The strategic contrast with Anthropic is worth noting. Anthropic split its offering into two distinct products: Claude Code for developers, Claude Co-work for non-technical users. Two interfaces, two audiences, each optimized separately. OpenAI is betting on one interface for everyone — the same Codex thread that runs your async coding task also handles an analyst’s Snowflake query or a banker’s pitch deck. Neither approach is obviously correct.

On pure coding benchmarks, Claude Code still leads: Claude Opus 4.8 scores 88.6% on SWE-bench Verified. Codex with GPT-5.5 scores 82.7% on Terminal-Bench. Different benchmarks, different measurement methodologies — but the gap reflects a real difference in how each company is prioritizing developer-focused performance. If Codex’s roadmap is increasingly pulled toward knowledge worker use cases, that gap may widen. If OpenAI’s one-platform bet enables network effects between developer and non-developer usage, it may not matter.

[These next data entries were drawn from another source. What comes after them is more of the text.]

lemma BV_basis_expansion:
  assumes "finite S" "f \<in> BV act S n"
  obtains F where "f = (\<lambda>u. \<Sum>w\<in>words S n. F w * omega act n (ebasis w) u)"
proof -
  obtain F where f: "f = omega act n F" and sF: "homog F n" and lF: "supp_in S F" using assms(2) by (rule BV_E)
  have "f = omega act n (\<lambda>u. \<Sum>w\<in>words S n. F w * ebasis w u)" using tvec_basis_expansion[OF assms(1) sF lF] f by simp
  also have "\<dots> = (\<lambda>u. \<Sum>w\<in>words S n. omega act n (\<lambda>u. F w * ebasis w u) u)"
    by (rule linop_sum[OF linop_omega finite_words[OF assms(1)]])
  also have "\<dots> = (\<lambda>u. \<Sum>w\<in>words S n. F w * omega act n (ebasis w) u)" by (simp add: omega_smult)
  finally show ?thesis using that by blast
qed

lemma BV_subset_vsubspace:
  assumes "finite S" "vsubspace K" "\<And>w. w \<in> words S n \<Longrightarrow> omega act n (ebasis w) \<in> K"
  shows "BV act S n \<subseteq> K"
proof
  fix f assume "f \<in> BV act S n"
  then obtain F where "f = (\<lambda>u. \<Sum>w\<in>words S n. F w * omega act n (ebasis w) u)"
    using BV_basis_expansion[OF assms(1)] by blast
  then show "f \<in> K"
    using assms by (simp add: vsubspace_sum vsubspace_smult finite_words)
qed

lemma lspan_eq_BV:
  assumes "finite S" "X \<subseteq> BV act S n" "\<And>w. w \<in> words S n \<Longrightarrow> omega act n (ebasis w) \<in> lspan X"
  shows "lspan X = BV act S n"
  using assms by (intro equalityI lspan_minimal[OF vsubspace_BV] BV_subset_vsubspace vsubspace_lspan)

lemma Nichols_eq_BV: "finite S \<Longrightarrow> Nichols act S n = BV act S n"
  unfolding Nichols_def
  by (rule lspan_eq_BV) (auto intro!: BV_I lspan_base homog_ebasis[of _, unfolded]
      simp: words_def supported_def ebasis_def)

lemma prod_if_one_zero: "(\<Prod>k<(n::nat). if P k then (1::'k::field) else 0) = (if \<forall>k<n. P k then 1 else 0)"
  by (induction n) (auto simp: less_Suc_eq)

definition vecs_on :: "'g set \<Rightarrow> ('g \<Rightarrow> 'k::zero) set" where
  "vecs_on A = {w. \<forall>g. w g \<noteq> 0 \<longrightarrow> g \<in> A}"

definition unitv :: "'g \<Rightarrow> 'g \<Rightarrow> 'k::{zero,one}" where
  "unitv x = (\<lambda>g. if g = x then 1 else 0)"

lemma tens_unitv: "tens (map unitv w) = (ebasis w :: ('g,'k::field) tvec)"
proof (rule ext)
  fix u :: "'g list"
  show "tens (map unitv w) u = ebasis w u"
  proof (cases "length u = length w")
    case True
    have "tens (map unitv w) u = (\<Prod>k<length w. (map unitv w ! k) (u ! k))" using True by (simp add: tens_def)
    also have "\<dots> = (\<Prod>k<length w. if u ! k = w ! k then 1 else 0)"
      by (rule prod.cong) (auto simp: unitv_def)
    also have "\<dots> = (if \<forall>k<length w. u ! k = w ! k then 1 else 0)"
      by (rule prod_if_one_zero)
    also have "\<dots> = ebasis w u" using True by (auto simp: ebasis_def list_eq_iff_nth_eq)
    finally show ?thesis .
  next
    case False
    then show ?thesis by (auto simp: tens_def ebasis_def)
  qed
qed

lemma supp_in_tens: assumes "set vs \<subseteq> vecs_on A" shows "supp_in A (tens vs :: ('g,'k::field) tvec)"
  unfolding supported_def
proof (intro allI impI)
  fix u :: "'g list" assume nz: "tens vs u \<noteq> (0::'k)"
  then have l: "length u = length vs" by (auto simp: tens_def split: if_splits)
  have p: "(\<Prod>k<length vs. (vs ! k) (u ! k)) \<noteq> (0::'k)" using nz l by (simp add: tens_def)
  show "set u \<subseteq> A" unfolding subset_code(1) all_set_conv_all_nth
  proof (intro allI impI)
    fix k assume k: "k < length u"
    then have "(vs ! k) (u ! k) \<noteq> 0" using p l by (metis finite_lessThan lessThan_iff prod_zero)
    moreover have "vs ! k \<in> vecs_on A" using assms k l by (metis nth_mem subsetD)
    ultimately show "u ! k \<in> A" unfolding vecs_on_def by blast
  qed
qed

lemma homog_tens: "homog (tens vs) (length vs)"
  unfolding supported_def tens_def by auto

lemma genW_vecs_on: "finite A \<Longrightarrow> genW act (vecs_on A) n = BV act A n"
  unfolding genW_def
proof (rule lspan_eq_BV)
  show "{omega act n (tens vs) | vs. length vs = n \<and> set vs \<subseteq> vecs_on A} \<subseteq> BV act A n"
    using BV_I homog_tens supp_in_tens by blast
  fix w assume "w \<in> words A n"
  then have "length (map unitv w) = n" "set (map unitv w) \<subseteq> vecs_on A"
    by (auto simp: words_def vecs_on_def unitv_def split: if_splits)
  then show "omega act n (ebasis w) \<in> lspan {omega act n (tens vs) | vs. length vs = n \<and> set vs \<subseteq> vecs_on A}"
    unfolding tens_unitv[symmetric] by (intro lspan_base) blast
qed

lemma tspan_add_rank_one:
  assumes "H \<in> tspan C D" "c \<in> C" "d \<in> D"
  shows "(\<lambda>(u, v). H (u, v) + c u * d v) \<in> tspan C D"
proof -
  obtain ps where "set ps \<subseteq> C \<times> D" "H = (\<lambda>(u, v). sum_list (map (\<lambda>(a, b). a u * b v) ps))"
    using assms(1) unfolding tspan_def by blast
  then show ?thesis
    using assms(2,3) unfolding tspan_def by (intro CollectI exI[of _ "(c, d) # ps"]) (auto simp: add.commute)
qed
(* Let $G=(V,E)$ be an infinite, connected, locally finite, vertex-transitive graph such that simple random walk is transient ($g(o,y)<\infty$ for all $y$) but $\sum_{y\in V}g(o,y)^2=\infty$, where $o\in V$ is fixed. Let $(s(x))_{x\in V}$ be i.i.d. real random variables with $\mathbb{E}\,s=1$ and $0<\operatorname{Var}s<\infty$. Then $\mathbb{P}\{s\text{ stabilizes}\}=0$.
   Context: $g(o,y)=\sum_{j\ge0}\mathbb{P}_o(X_j=y)$ is the Green function of simple random walk $(X_j)$ on $G$. $\Delta u(x)=\sum_{y\sim x}(u(y)-u(x))$. $s:V\to\mathbb{R}$ stabilizes if there exists $f:V\to[0,\infty)$ with $s+\Delta f\le1$ pointwise. *)

theory Defs
  imports "HOL-Probability.Probability"
begin

text \<open>Graphs: vertex set = UNIV of type 'v, adjacency relation E.\<close>

definition simple_graph :: "('v \<Rightarrow> 'v \<Rightarrow> bool) \<Rightarrow> bool" where
  "simple_graph E \<longleftrightarrow> (\<forall>x y. E x y \<longrightarrow> E y x) \<and> (\<forall>x. \<not> E x x)"

definition locally_finite :: "('v \<Rightarrow> 'v \<Rightarrow> bool) \<Rightarrow> bool" where
  "locally_finite E \<longleftrightarrow> (\<forall>x. finite {y. E x y})"

definition connected_graph :: "('v \<Rightarrow> 'v \<Rightarrow> bool) \<Rightarrow> bool" where
  "connected_graph E \<longleftrightarrow> (\<forall>x y. (x, y) \<in> {(u, v). E u v}\<^sup>*)"

definition graph_automorphism :: "('v \<Rightarrow> 'v \<Rightarrow> bool) \<Rightarrow> ('v \<Rightarrow> 'v) \<Rightarrow> bool" where
  "graph_automorphism E \<phi> \<longleftrightarrow> bij \<phi> \<and> (\<forall>u v. E u v \<longleftrightarrow> E (\<phi> u) (\<phi> v))"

What Developers Should Do Now

For developers evaluating Codex as a coding tool, nothing changed on June 2. As TechCrunch noted, Codex remains strong for async local repository workflows, and the Sites feature has genuine utility for rapidly deploying internal tools without a deployment pipeline. The question is whether OpenAI’s strategic pivot will affect future development priorities for developer-facing features. That is a watch-and-evaluate situation, not a reason to switch tools today.

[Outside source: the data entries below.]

lemma slice_props:
  assumes "i \<le> j" "j < length p"
  shows "length (drop i (take (Suc j) p)) = Suc j - i"
    "\<And>t. t < Suc j - i \<Longrightarrow> drop i (take (Suc j) p) ! t = p ! (i + t)"
    "hd (drop i (take (Suc j) p)) = p ! i" "last (drop i (take (Suc j) p)) = p ! j"
proof -
  show "length (drop i (take (Suc j) p)) = Suc j - i" using assms by auto
  show "\<And>t. t < Suc j - i \<Longrightarrow> drop i (take (Suc j) p) ! t = p ! (i + t)" using assms by auto
  show "hd (drop i (take (Suc j) p)) = p ! i" using assms by (simp add: hd_drop_conv_nth)
  have "drop i (take (Suc j) p) \<noteq> []" using assms by auto
  then show "last (drop i (take (Suc j) p)) = p ! j" using assms
    by (simp add: last_conv_nth)
qed

lemma path_distinct: assumes "is_path adj p" shows "distinct p"
proof (rule ccontr)
  assume "\<not> distinct p"
  then obtain i j where ij: "i < j" "j < length p" "p ! i = p ! j"
    by (metis distinct_conv_nth linorder_neqE_nat)
  let ?q = "drop i (take (Suc j) p)"
  have "is_path adj ?q" using path_slice[OF assms] ij by auto
  moreover have "2 \<le> length ?q" using slice_props(1)[of i j p] ij by auto
  ultimately have "hd ?q \<noteq> last ?q" by (rule path_hd_neq_last)
  then show False using slice_props(3,4)[of i j p] ij by auto
qed

lemma path_butlast:
  assumes "is_path adj p" "2 \<le> length p"
  shows "is_path adj (butlast p)" "butlast p \<noteq> []" "last (butlast p) = p ! (length p - 2)"
    "hd (butlast p) = hd p" "p = butlast p @ [last p]"
proof -
  show "is_path adj (butlast p)" using path_take[OF assms(1), of "length p - 1"] assms
    by (simp add: butlast_conv_take)
  show "butlast p \<noteq> []" using assms by (cases p) auto
  then show "last (butlast p) = p ! (length p - 2)" using assms
    by (simp add: last_conv_nth nth_butlast numeral_2_eq_2)
  show "hd (butlast p) = hd p" using assms by (cases p) auto
  show "p = butlast p @ [last p]" using assms by (cases p) auto
qed

lemma path_unique:
  assumes "is_path adj p" "is_path adj q" "hd p = hd q" "last p = last q"
  shows "p = q"
  using assms
proof (induction "length p + length q" arbitrary: p q rule: less_induct)
  case less
  have pne: "p \<noteq> []" and qne: "q \<noteq> []" using less.prems is_pathD by blast+
  show ?case
  proof (cases "length p < 2 \<or> length q < 2")
    case True
    then show ?thesis
    proof
      assume "length p < 2"
      then have "length p = 1" using pne by (cases p) auto
      then have p1: "p = [hd p]" by (cases p) auto
      then have "hd q = last q" using less.prems by (metis last.simps)
      then have "\<not> 2 \<le> length q" using path_hd_neq_last less.prems(2) by blast
      then have "q = [hd q]" using qne by (cases q) (auto, case_tac list, auto)
      then show ?thesis using p1 less.prems by metis
    next
      assume "length q < 2"
      then have "length q = 1" using qne by (cases q) auto
      then have q1: "q = [hd q]" by (cases q) auto
      then have "hd p = last p" using less.prems by (metis last.simps)
      then have "\<not> 2 \<le> length p" using path_hd_neq_last less.prems(1) by blast
      then have "p = [hd p]" using pne by (cases p) (auto, case_tac list, auto)
      then show ?thesis using q1 less.prems by metis
    qed
  next
    case False
    then have p2: "2 \<le> length p" and q2: "2 \<le> length q" by auto
    note bp = path_butlast[OF less.prems(1) p2] and bq = path_butlast[OF less.prems(2) q2]
    show ?thesis
    proof (cases "last (butlast p) = last (butlast q)")
      case True
      have lt: "length (butlast p) + length (butlast q) < length p + length q" using p2 by simp
      have hh: "hd (butlast p) = hd (butlast q)" using bp(4) bq(4) less.prems(3) by simp
      have "butlast p = butlast q"
        by (rule less.hyps[OF lt bp(1) bq(1) hh True])
      then show ?thesis using bp(5) bq(5) less.prems(4) by metis
    next
      case False
      have rq: "is_path adj (rev q)" using path_rev_tree less.prems(2) by blast
      have W: "is_path adj (p @ tl (rev q))"
      proof (rule path_append[OF less.prems(1) rq])
        show "last p = hd (rev q)" using less.prems(4) by (simp add: hd_rev)
        show "p ! (length p - 2) \<noteq> rev q ! 1" using False bp(3) bq(3) q2
          by (simp add: rev_nth numeral_2_eq_2)
      qed
      have "tl (rev q) \<noteq> []" using q2 by (cases "rev q") auto
      then have "last (p @ tl (rev q)) = last (rev q)" by (metis last_appendR last_tl)
      also have "\<dots> = hd q" by (simp add: last_rev)
      finally have "hd (p @ tl (rev q)) = last (p @ tl (rev q))" using less.prems(3) pne by simp
      moreover have "2 \<le> length (p @ tl (rev q))" using p2 by simp
      ultimately show ?thesis using path_hd_neq_last[OF W] by blast
    qed
  qed
qed

lemma root_notin_branch: "y \<notin> branch adj y x"
proof
  assume "y \<in> branch adj y x"
  then obtain q where q: "is_path adj q" "2 \<le> length q" "q ! 0 = y" "last q = y"
    unfolding branch_def by auto
  have "hd q = y" using q hd_conv_nth is_pathD(1)[OF q(1)] by auto
  then show False using path_hd_neq_last[OF q(1,2)] q by auto
qed

lemma nbr_in_branch: "adj y x \<Longrightarrow> x \<in> branch adj y x"
  unfolding branch_def by (rule CollectI, rule exI[of _ "[y, x]"]) (auto simp: path_two)

lemma path_in_branch:
  assumes "is_path adj q" "1 \<le> i" "i < length q"
  shows "q ! i \<in> branch adj (q ! 0) (q ! 1)"
proof -
  let ?r = "take (Suc i) q"
  have "is_path adj ?r" using path_take assms by auto
  moreover have "last ?r = q ! i" using assms by (simp add: take_Suc_conv_app_nth)
  ultimately show ?thesis unfolding branch_def using assms by (intro CollectI exI[of _ ?r]) auto
qed

lemma branch_step:
  assumes a: "a \<in> branch adj y x" and ab: "adj a b" and bny: "b \<noteq> y"
  shows "b \<in> branch adj y x"
proof -
  obtain q where q: "is_path adj q" "2 \<le> length q" "q ! 0 = y" "q ! 1 = x" "last q = a"
    using a unfolding branch_def by auto
  show ?thesis
  proof (cases "q ! (length q - 2) = b")
    case True
    have "length q \<noteq> 2" using True q bny by auto
    then have l3: "3 \<le> length q" using q by auto
    note bq = path_butlast[OF q(1,2)]
    have "2 \<le> length (butlast q)" using l3 by simp
    moreover have "butlast q ! 0 = y" "butlast q ! 1 = x" using q l3 by (auto simp: nth_butlast)
    ultimately show ?thesis unfolding branch_def using bq True by auto
  next
    case False
    have "is_path adj (q @ [b])" using path_snoc[OF q(1)] q ab False by auto
    moreover have "(q @ [b]) ! 0 = y" "(q @ [b]) ! 1 = x" using q by (auto simp: nth_append)
    ultimately show ?thesis unfolding branch_def using q by (intro CollectI exI[of _ "q @ [b]"]) auto
  qed
qed

lemma path_nth_neq_hd:
  assumes "is_path adj q" "1 \<le> i" "i < length q" shows "q ! i \<noteq> q ! 0"
proof -
  let ?r = "take (Suc i) q"
  have "is_path adj ?r" using path_take assms by auto
  moreover have "2 \<le> length ?r" using assms by auto
  ultimately have "hd ?r \<noteq> last ?r" by (rule path_hd_neq_last)
  moreover have "last ?r = q ! i" using assms by (simp add: take_Suc_conv_app_nth)
  moreover have "hd ?r = q ! 0" using assms is_pathD(1)[OF assms(1)] by (simp add: hd_conv_nth)
  ultimately show ?thesis by simp
qed

lemma path_stays_out_of_branch:
  assumes x1: "adj y x1" and q: "is_path adj q" "2 \<le> length q" "q ! 0 = y" and ne: "q ! 1 \<noteq> x1"
  shows "1 \<le> i \<Longrightarrow> i < length q \<Longrightarrow> q ! i \<notin> branch adj y x1"
proof (induction i rule: nat_induct_at_least)
  case base
  show ?case
  proof
    assume "q ! 1 \<in> branch adj y x1"
    then obtain r where r: "is_path adj r" "2 \<le> length r" "r ! 0 = y" "r ! 1 = x1" "last r = q ! 1"
      unfolding branch_def by auto
    have ry: "r ! (length r - 2) \<noteq> y"
    proof
      assume e: "r ! (length r - 2) = y"
      show False
      proof (cases "length r = 2")
        case True
        have "last r = r ! 1" using True r is_pathD(1)[OF r(1)] by (simp add: last_conv_nth)
        then show False using r ne by auto
      next
        case False
        then have "1 \<le> length r - 2" "length r - 2 < length r" using r by auto
        from path_nth_neq_hd[OF r(1) this] show False using e r by auto
      qed
    qed
    have "adj (q ! 0) (q ! 1)" using is_pathD(2)[OF q(1), of 0] q by auto
    then have "adj (last r) y" using r q adj_sym by auto
    then have "is_path adj (r @ [y])" using path_snoc[OF r(1)] ry by auto
    moreover have "2 \<le> length (r @ [y])" using r(2) by simp
    ultimately have "hd (r @ [y]) \<noteq> last (r @ [y])" by (rule path_hd_neq_last)
    moreover have "hd (r @ [y]) = y" using r is_pathD(1)[OF r(1)] hd_conv_nth by auto
    ultimately show False by simp
  qed
next
  case (Suc i)
  have i1: "1 \<le> i" and il: "i < length q" and sl: "Suc i < length q" using Suc.hyps Suc.prems by auto
  have ih: "q ! i \<notin> branch adj y x1" using Suc.IH il by blast
  show ?case
  proof
    assume a: "q ! Suc i \<in> branch adj y x1"
    have "adj (q ! i) (q ! Suc i)" using is_pathD(2)[OF q(1) sl] .
    then have e: "adj (q ! Suc i) (q ! i)" by (rule adj_sym)
    have "q ! i \<noteq> q ! 0" using path_nth_neq_hd[OF q(1) i1 il] .
    then have "q ! i \<noteq> y" using q(3) by simp
    from branch_step[OF a e this] ih show False by blast
  qed
qed

lemma branches_disjoint:
  assumes "adj y x1" "adj y x2" "x1 \<noteq> x2"
  shows "branch adj y x1 \<inter> branch adj y x2 = {}"
proof -
  { fix a assume a1: "a \<in> branch adj y x1" and a2: "a \<in> branch adj y x2"
    obtain q where q: "is_path adj q" "2 \<le> length q" "q ! 0 = y" "q ! 1 = x2" "last q = a"
      using a2 unfolding branch_def by auto
    have "q ! (length q - 1) \<notin> branch adj y x1"
      using path_stays_out_of_branch[OF assms(1) q(1,2,3), of "length q - 1"] q assms by auto
    then have False using a1 q is_pathD(1)[OF q(1)] by (simp add: last_conv_nth)
  }
  then show ?thesis by blast
qed

end

lemma path_parity:
  assumes bip: "bipartite_orientation adj snk" and p: "is_path adj p"
  shows "i < length p \<Longrightarrow> (snk (p ! i) = snk (p ! 0)) = even i"
proof (induction i)
  case 0 then show ?case by simp
next
  case (Suc i)
  have "adj (p ! i) (p ! Suc i)" using is_pathD(2)[OF p Suc.prems] .
  then have "snk (p ! i) \<longleftrightarrow> \<not> snk (p ! Suc i)" using bip unfolding bipartite_orientation_def by blast
  then show ?case using Suc by auto
qed

section \<open>Convex sets of bounded diameter\<close>

definition convex :: "('v \<Rightarrow> 'v \<Rightarrow> bool) \<Rightarrow> 'v set \<Rightarrow> bool" where
  "convex adj S \<longleftrightarrow> (\<forall>q. is_path adj q \<and> hd q \<in> S \<and> last q \<in> S \<longrightarrow> set q \<subseteq> S)"

definition diam_bound :: "('v \<Rightarrow> 'v \<Rightarrow> bool) \<Rightarrow> 'v set \<Rightarrow> nat \<Rightarrow> bool" where
  "diam_bound adj S D \<longleftrightarrow> (\<forall>q. is_path adj q \<and> set q \<subseteq> S \<longrightarrow> length q \<le> Suc D)"

lemma path_append3:
  assumes A: "is_path adj A" and R: "is_path adj R" and B: "is_path adj B"
    and e1: "last A = hd R" and e2: "last R = hd B" and lR: "2 \<le> length R"
    and c1: "2 \<le> length A \<Longrightarrow> A ! (length A - 2) \<noteq> R ! 1"
    and c2: "2 \<le> length B \<Longrightarrow> R ! (length R - 2) \<noteq> B ! 1"
  shows "is_path adj (A @ tl (R @ tl B))" "length (A @ tl (R @ tl B)) = length A + length R + length B - 2"
    "set (A @ tl (R @ tl B)) \<subseteq> set A \<union> set R \<union> set B"
proof -
  have RB: "is_path adj (R @ tl B)" using path_append[OF R B e2] c2 lR by auto
  have Rne: "R \<noteq> []" using lR by auto
  show "is_path adj (A @ tl (R @ tl B))"
  proof (rule path_append[OF A RB])
    show "last A = hd (R @ tl B)" using e1 Rne by simp
    show "A ! (length A - 2) \<noteq> (R @ tl B) ! 1" if "2 \<le> length A" using c1[OF that] lR
      by (simp add: nth_append)
  qed
  show "length (A @ tl (R @ tl B)) = length A + length R + length B - 2"
    using lR is_pathD(1)[OF B] by (cases B) auto
  have st: "set (tl xs) \<subseteq> set xs" for xs :: "'a list" by (cases xs) auto
  have "set (A @ tl (R @ tl B)) \<subseteq> set A \<union> set (R @ tl B)" using st[of "R @ tl B"] by auto
  also have "\<dots> \<subseteq> set A \<union> set R \<union> set B" using st[of B] by auto
  finally show "set (A @ tl (R @ tl B)) \<subseteq> set A \<union> set R \<union> set B" .
qed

For developers building tools and integrations, the plugin ecosystem is a real opportunity. Codex has 5 million weekly users. Getting a tool listed as a Codex integration exposes it to that audience, particularly within specific verticals. OpenAI is planning to expand the plugin set and the developer SDK for building custom plugins. If you build in finance, sales, analytics, or design, that is a distribution channel worth considering.

Key Takeaways

  • OpenAI Codex reached 5 million weekly users on June 2; non-developers are 20% of that base and growing 3x faster than developers.
  • Sites deploys AI-generated web apps with persistent state — useful for internal tools; available in ChatGPT Business preview now, opt-in for Enterprise.
  • Annotations finally make AI document editing predictable: changes stay scoped to what you selected, leaving surrounding formulas and formatting intact.
  • OpenAI’s one-platform strategy (developer and non-developer in one interface) differs from Anthropic’s two-product split — both are live bets on different architectures.
  • The plugin ecosystem is a developer distribution opportunity: 62 apps today, with Corporate Finance, Legal, and others in development.